• _Problem_:
Return the entries in full, exactly as written.

• _Data extract_:
lemma integral_SLN:
  fixes f :: "'a \<times> real \<Rightarrow> real"
  assumes f: "f \<in> borel_measurable (M \<Otimes>\<^sub>M label_space)"
    and bound: "\<And>z. z \<in> space (M \<Otimes>\<^sub>M label_space) \<Longrightarrow> \<bar>f z\<bar> \<le> C"
  shows "(\<integral>z. f z \<partial>SLN M D \<rho>)
       = (\<integral>z. (\<integral>b. f (fst z, if b then - snd z else snd z) \<partial>bernoulli_pmf \<rho>) \<partial>D)"
proof -
  let ?P = "D \<Otimes>\<^sub>M measure_pmf (bernoulli_pmf \<rho>)"
  let ?flip = "\<lambda>((x, y), b). (x, if b then - y else y)"
  interpret P: pair_prob_space D "measure_pmf (bernoulli_pmf \<rho>)"
    by (intro pair_prob_space.intro pair_sigma_finite.intro prob_space_imp_sigma_finite
        prob_space_axioms prob_space_measure_pmf)
  have flip: "?flip \<in> measurable ?P (M \<Otimes>\<^sub>M label_space)"
    by (subst measurable_cong_sets[OF sets_pair_measure_cong[OF sets_D refl] refl])
       (rule measurable_flip_label)
  have "integrable ?P (\<lambda>w. f (?flip w))"
  proof (rule P.P.integrable_const_bound[where B=C])
    show "AE w in ?P. norm (f (?flip w)) \<le> C"
      using bound measurable_space[OF flip] by auto
  qed (use flip f in measurable)
  then have "(\<integral>w. f (?flip w) \<partial>?P)
      = (\<integral>z. (\<integral>b. f (?flip (z, b)) \<partial>bernoulli_pmf \<rho>) \<partial>D)"
    by (rule P.integral_fst'[symmetric])
  then show ?thesis
    unfolding SLN_def integral_distr[OF flip f] by (simp add: case_prod_beta)
qed

lemma risk_SLN_unhinged_loss:
  assumes "0 \<le> \<rho>" "\<rho> \<le> 1" and t: "t \<in> bounded_scorers M B"
  shows "risk (SLN M D \<rho>) unhinged_loss t = (1 - 2 * \<rho>) * risk D unhinged_loss t + 2 * \<rho>"
proof -
  have "(\<lambda>z. unhinged_loss (snd z) (t (fst z))) \<in> borel_measurable (M \<Otimes>\<^sub>M label_space)"
    using bounded_scorersD(2)[OF t] unfolding unhinged_loss_def by measurable
  then have "risk (SLN M D \<rho>) unhinged_loss t
      = (\<integral>z. (\<integral>b. unhinged_loss (if b then - snd z else snd z) (t (fst z)) \<partial>bernoulli_pmf \<rho>) \<partial>D)"
    using integral_SLN[OF _ abs_unhinged_loss_le[OF _ t]] unfolding risk_def by simp
  also have "\<dots> = (\<integral>z. 2 * \<rho> + (1 - 2 * \<rho>) * unhinged_loss (snd z) (t (fst z)) \<partial>D)"
    by (intro Bochner_Integration.integral_cong refl expectation_flipped_unhinged_loss assms(1,2))
  also have "\<dots> = (1 - 2 * \<rho>) * risk D unhinged_loss t + 2 * \<rho>"
    unfolding risk_def using integrable_unhinged_loss[OF t] by (simp add: prob_space)
  finally show ?thesis .
qed

lemma regret_SLN_unhinged_loss:
  assumes "0 \<le> \<rho>" "\<rho> < 1/2" "s \<in> bounded_scorers M B"
  shows "regret (SLN M D \<rho>) (bounded_scorers M B) unhinged_loss s
       = (1 - 2 * \<rho>) * regret D (bounded_scorers M B) unhinged_loss s"
  using assms
  by (intro regret_eq_if_risk_affine[where d="2 * \<rho>"] bdd_below_risk_unhinged_loss
      risk_SLN_unhinged_loss) auto

lemma regret01_le_regret_unhinged_loss:
  assumes "1 \<le> B" and s: "s \<in> bounded_scorers M B"
  shows "regret01 M D s \<le> regret D (bounded_scorers M B) unhinged_loss s"
proof -
  have s_meas[measurable]: "s \<in> borel_measurable M"
    by (rule bounded_scorersD(2)[OF s])
  have "risk D zero_one_loss s - risk D zero_one_loss t
      \<le> regret D (bounded_scorers M B) unhinged_loss s"
    if t_meas[measurable]: "t \<in> borel_measurable M" for t
  proof -
    define u where "u x = s x + zero_one_loss 1 (s x) - zero_one_loss 1 (t x)" for x
    have u: "u \<in> bounded_scorers M B"
      unfolding bounded_scorers_def
    proof (intro CollectI conjI ballI)
      show "u \<in> borel_measurable M"
        unfolding u_def by measurable
      show "- B \<le> u x" "u x \<le> B" if "x \<in> space M" for x
        using abs_shift_zero_one_loss_le[OF bounded_scorersD(1)[OF s that] assms(1), of "t x"]
        unfolding u_def by (auto simp: abs_le_iff)
    qed
    have "risk D zero_one_loss s - risk D zero_one_loss t
        = (\<integral>z. zero_one_loss (snd z) (s (fst z)) - zero_one_loss (snd z) (t (fst z)) \<partial>D)"
      unfolding risk_def using integrable_zero_one_loss s_meas t_meas by simp
    also have "\<dots> = (\<integral>z. unhinged_loss (snd z) (s (fst z)) - unhinged_loss (snd z) (u (fst z)) \<partial>D)"
      unfolding u_def
      by (intro Bochner_Integration.integral_cong refl zero_one_loss_diff_eq_unhinged_loss_diff
          label_cases_D)
    also have "\<dots> = risk D unhinged_loss s - risk D unhinged_loss u"
      unfolding risk_def using integrable_unhinged_loss s u by simp
    also have "\<dots> \<le> regret D (bounded_scorers M B) unhinged_loss s"
      unfolding regret_def using cINF_lower[OF bdd_below_risk_unhinged_loss u] by simp
    finally show ?thesis .
  qed
  then have "risk D zero_one_loss s - regret D (bounded_scorers M B) unhinged_loss s
      \<le> (INF t\<in>borel_measurable M. risk D zero_one_loss t)"
    using s_meas by (intro cINF_greatest) (fastforce simp: algebra_simps)+
  then show ?thesis
    unfolding regret01_def regret_def[of D "borel_measurable M"] by simp
qed

end

theorem mainTheorem4:
  fixes M :: "'a measure" and D :: "('a \<times> real) measure"
    and \<rho> B :: real and s :: "'a \<Rightarrow> real"
  assumes "prob_space D"
    and "sets D = sets (M \<Otimes>\<^sub>M label_space)"
    and "B \<ge> 1"
    and "0 \<le> \<rho>" and "\<rho> < 1/2"
    and "s \<in> bounded_scorers M B"
  shows "regret01 M D s \<le> regret D (bounded_scorers M B) unhinged_loss s
       \<and> regret D (bounded_scorers M B) unhinged_loss s
           = 1 / (1 - 2 * \<rho>) * regret (SLN M D \<rho>) (bounded_scorers M B) unhinged_loss s"
proof -
  interpret labelled_prob_space M D
    using assms(1,2) by (intro labelled_prob_space.intro labelled_prob_space_axioms.intro)
  show ?thesis
    using regret01_le_regret_unhinged_loss[OF assms(3,6)]
      regret_SLN_unhinged_loss[OF assms(4,5,6)] assms(5)
    by simp
qed

end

• _Answer section_:
lemma integral_SLN:
  fixes f :: "'a \<times> real \<Rightarrow> real"
  assumes f: "f \<in> borel_measurable (M \<Otimes>\<^sub>M label_space)"
    and bound: "\<And>z. z \<in> space (M \<Otimes>\<^sub>M label_space) \<Longrightarrow> \<bar>f z\<bar> \<le> C"
  shows "(\<integral>z. f z \<partial>SLN M D \<rho>)
       = (\<integral>z. (\<integral>b. f (fst z, if b then - snd z else snd z) \<partial>bernoulli_pmf \<rho>) \<partial>D)"
proof -
  let ?P = "D \<Otimes>\<^sub>M measure_pmf (bernoulli_pmf \<rho>)"
  let ?flip = "\<lambda>((x, y), b). (x, if b then - y else y)"
  interpret P: pair_prob_space D "measure_pmf (bernoulli_pmf \<rho>)"
    by (intro pair_prob_space.intro pair_sigma_finite.intro prob_space_imp_sigma_finite
        prob_space_axioms prob_space_measure_pmf)
  have flip: "?flip \<in> measurable ?P (M \<Otimes>\<^sub>M label_space)"
    by (subst measurable_cong_sets[OF sets_pair_measure_cong[OF sets_D refl] refl])
       (rule measurable_flip_label)
  have "integrable ?P (\<lambda>w. f (?flip w))"
  proof (rule P.P.integrable_const_bound[where B=C])
    show "AE w in ?P. norm (f (?flip w)) \<le> C"
      using bound measurable_space[OF flip] by auto
  qed (use flip f in measurable)
  then have "(\<integral>w. f (?flip w) \<partial>?P)
      = (\<integral>z. (\<integral>b. f (?flip (z, b)) \<partial>bernoulli_pmf \<rho>) \<partial>D)"
    by (rule P.integral_fst'[symmetric])
  then show ?thesis
    unfolding SLN_def integral_distr[OF flip f] by (simp add: case_prod_beta)
qed

lemma risk_SLN_unhinged_loss:
  assumes "0 \<le> \<rho>" "\<rho> \<le> 1" and t: "t \<in> bounded_scorers M B"
  shows "risk (SLN M D \<rho>) unhinged_loss t = (1 - 2 * \<rho>) * risk D unhinged_loss t + 2 * \<rho>"
proof -
  have "(\<lambda>z. unhinged_loss (snd z) (t (fst z))) \<in> borel_measurable (M \<Otimes>\<^sub>M label_space)"
    using bounded_scorersD(2)[OF t] unfolding unhinged_loss_def by measurable
  then have "risk (SLN M D \<rho>) unhinged_loss t
      = (\<integral>z. (\<integral>b. unhinged_loss (if b then - snd z else snd z) (t (fst z)) \<partial>bernoulli_pmf \<rho>) \<partial>D)"
    using integral_SLN[OF _ abs_unhinged_loss_le[OF _ t]] unfolding risk_def by simp
  also have "\<dots> = (\<integral>z. 2 * \<rho> + (1 - 2 * \<rho>) * unhinged_loss (snd z) (t (fst z)) \<partial>D)"
    by (intro Bochner_Integration.integral_cong refl expectation_flipped_unhinged_loss assms(1,2))
  also have "\<dots> = (1 - 2 * \<rho>) * risk D unhinged_loss t + 2 * \<rho>"
    unfolding risk_def using integrable_unhinged_loss[OF t] by (simp add: prob_space)
  finally show ?thesis .
qed

lemma regret_SLN_unhinged_loss:
  assumes "0 \<le> \<rho>" "\<rho> < 1/2" "s \<in> bounded_scorers M B"
  shows "regret (SLN M D \<rho>) (bounded_scorers M B) unhinged_loss s
       = (1 - 2 * \<rho>) * regret D (bounded_scorers M B) unhinged_loss s"
  using assms
  by (intro regret_eq_if_risk_affine[where d="2 * \<rho>"] bdd_below_risk_unhinged_loss
      risk_SLN_unhinged_loss) auto

lemma regret01_le_regret_unhinged_loss:
  assumes "1 \<le> B" and s: "s \<in> bounded_scorers M B"
  shows "regret01 M D s \<le> regret D (bounded_scorers M B) unhinged_loss s"
proof -
  have s_meas[measurable]: "s \<in> borel_measurable M"
    by (rule bounded_scorersD(2)[OF s])
  have "risk D zero_one_loss s - risk D zero_one_loss t
      \<le> regret D (bounded_scorers M B) unhinged_loss s"
    if t_meas[measurable]: "t \<in> borel_measurable M" for t
  proof -
    define u where "u x = s x + zero_one_loss 1 (s x) - zero_one_loss 1 (t x)" for x
    have u: "u \<in> bounded_scorers M B"
      unfolding bounded_scorers_def
    proof (intro CollectI conjI ballI)
      show "u \<in> borel_measurable M"
        unfolding u_def by measurable
      show "- B \<le> u x" "u x \<le> B" if "x \<in> space M" for x
        using abs_shift_zero_one_loss_le[OF bounded_scorersD(1)[OF s that] assms(1), of "t x"]
        unfolding u_def by (auto simp: abs_le_iff)
    qed
    have "risk D zero_one_loss s - risk D zero_one_loss t
        = (\<integral>z. zero_one_loss (snd z) (s (fst z)) - zero_one_loss (snd z) (t (fst z)) \<partial>D)"
      unfolding risk_def using integrable_zero_one_loss s_meas t_meas by simp
    also have "\<dots> = (\<integral>z. unhinged_loss (snd z) (s (fst z)) - unhinged_loss (snd z) (u (fst z)) \<partial>D)"
      unfolding u_def
      by (intro Bochner_Integration.integral_cong refl zero_one_loss_diff_eq_unhinged_loss_diff
          label_cases_D)
    also have "\<dots> = risk D unhinged_loss s - risk D unhinged_loss u"
      unfolding risk_def using integrable_unhinged_loss s u by simp
    also have "\<dots> \<le> regret D (bounded_scorers M B) unhinged_loss s"
      unfolding regret_def using cINF_lower[OF bdd_below_risk_unhinged_loss u] by simp
    finally show ?thesis .
  qed
  then have "risk D zero_one_loss s - regret D (bounded_scorers M B) unhinged_loss s
      \<le> (INF t\<in>borel_measurable M. risk D zero_one_loss t)"
    using s_meas by (intro cINF_greatest) (fastforce simp: algebra_simps)+
  then show ?thesis
    unfolding regret01_def regret_def[of D "borel_measurable M"] by simp
qed

end

theorem mainTheorem4:
  fixes M :: "'a measure" and D :: "('a \<times> real) measure"
    and \<rho> B :: real and s :: "'a \<Rightarrow> real"
  assumes "prob_space D"
    and "sets D = sets (M \<Otimes>\<^sub>M label_space)"
    and "B \<ge> 1"
    and "0 \<le> \<rho>" and "\<rho> < 1/2"
    and "s \<in> bounded_scorers M B"
  shows "regret01 M D s \<le> regret D (bounded_scorers M B) unhinged_loss s
       \<and> regret D (bounded_scorers M B) unhinged_loss s
           = 1 / (1 - 2 * \<rho>) * regret (SLN M D \<rho>) (bounded_scorers M B) unhinged_loss s"
proof -
  interpret labelled_prob_space M D
    using assms(1,2) by (intro labelled_prob_space.intro labelled_prob_space_axioms.intro)
  show ?thesis
    using regret01_le_regret_unhinged_loss[OF assms(3,6)]
      regret_SLN_unhinged_loss[OF assms(4,5,6)] assms(5)
    by simp
qed

end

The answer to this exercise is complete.